MisoTTS int8 (BigBlueCeiling)
A weight-only int8 quantization of
BigBlueCeiling/MisoTTS-bf16,
produced with torchao (int8_weight_only). Only the backbone/decoder Linear
layers are quantized; the embeddings, output heads, and projection stay bf16.
Experimental. Weight-only int8; bf16 remains the reference.
What it is for
Lowering the hardware floor. Quantization here is a memory lever, not a speed one: MisoTTS decodes one frame at a time, and those tiny per-step matmuls cannot feed the GPU's low-precision tensor cores, so int8 dequantizes to bf16 for the matmul. You get the VRAM saving, not a throughput win.
- Fits: ~16 GB VRAM cards (RTX 4060 Ti 16G, 4070 Ti Super, A4000, ...)

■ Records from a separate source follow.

(* Let $\Gamma$ be an orthosymmetric, convex, compact set and $0<p<1$. If there is a constant $C>0$ with $D(\Gamma,\epsilon)\le C\epsilon^{-p}$ for all $\epsilon\in(0,1]$, then there is a constant $C'>0$ with $D_{\mathsf c}(\Gamma,\epsilon)\le C'\epsilon^{-p/(1-p)}$ for all $\epsilon\in(0,1]$.
   Context: Orthosymmetric: closed under flipping signs of any coordinates. Kolmogorov dimension $D(\Gamma,\epsilon)$: the smallest integer $d$ such that $\inf_{\Pi_d}\sup_{\boldsymbol\theta\in\Gamma}\|\boldsymbol\theta-\Pi_d\boldsymbol\theta\|_2\le\epsilon$ over $d$-dimensional orthogonal projections. Coordinate-wise Kolmogorov dimension $D_{\mathsf c}(\Gamma,\epsilon)$: the smallest integer $d$ such that some set $A$ of $d$ coordinates satisfies $\sup_{\boldsymbol\theta\in\Gamma}\sum_{i\notin A}\theta_i^2\le\epsilon^2$. *)

theory Defs
  imports "HOL-Analysis.Analysis"
begin

definition ell2 :: "(nat \<Rightarrow> real) set" where
  "ell2 = {x. summable (\<lambda>i. (x i)\<^sup>2)}"

definition l2inner :: "(nat \<Rightarrow> real) \<Rightarrow> (nat \<Rightarrow> real) \<Rightarrow> real" where
  "l2inner x y = (\<Sum>i. x i * y i)"

definition l2norm :: "(nat \<Rightarrow> real) \<Rightarrow> real" where
  "l2norm x = sqrt (\<Sum>i. (x i)\<^sup>2)"

text \<open>Compactness in the l2 norm topology (sequential compactness, which is
  compactness in a metric space).\<close>

definition l2_compact :: "(nat \<Rightarrow> real) set \<Rightarrow> bool" where
  "l2_compact G \<longleftrightarrow> G \<subseteq> ell2 \<and>
     (\<forall>x. (\<forall>k. x k \<in> G) \<longrightarrow>
        (\<exists>(r::nat \<Rightarrow> nat) t. strict_mono r \<and> t \<in> G \<and>
               (\<lambda>k. l2norm (\<lambda>i. x (r k) i - t i)) \<longlonglongrightarrow> 0))"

- Quality: Quality-preserving: mean CER 0.11, WER 0.14, UTMOS 3.96 - statistically even with bf16 (CER 0.10 / WER 0.15 / UTMOS 3.94).
Use
This checkpoint is a torch.save'd torchao state_dict (model.pt). The serving
core in the MisoTTS repo pulls it
automatically when GPU-sense detects a matching VRAM tier. To load it directly:
from generator import load_miso_8b # from the MisoTTS repo
gen = load_miso_8b("cuda", model_path_or_repo_id="BigBlueCeiling/MisoTTS-int8",
prequantized=True)
Requires torch>=2.7 and a matching torchao (loading unpickles a torchao tensor
subclass, so weights_only=False is used; load only checkpoints you trust).
Model and original inference code are MisoLabs' work; see the upstream license.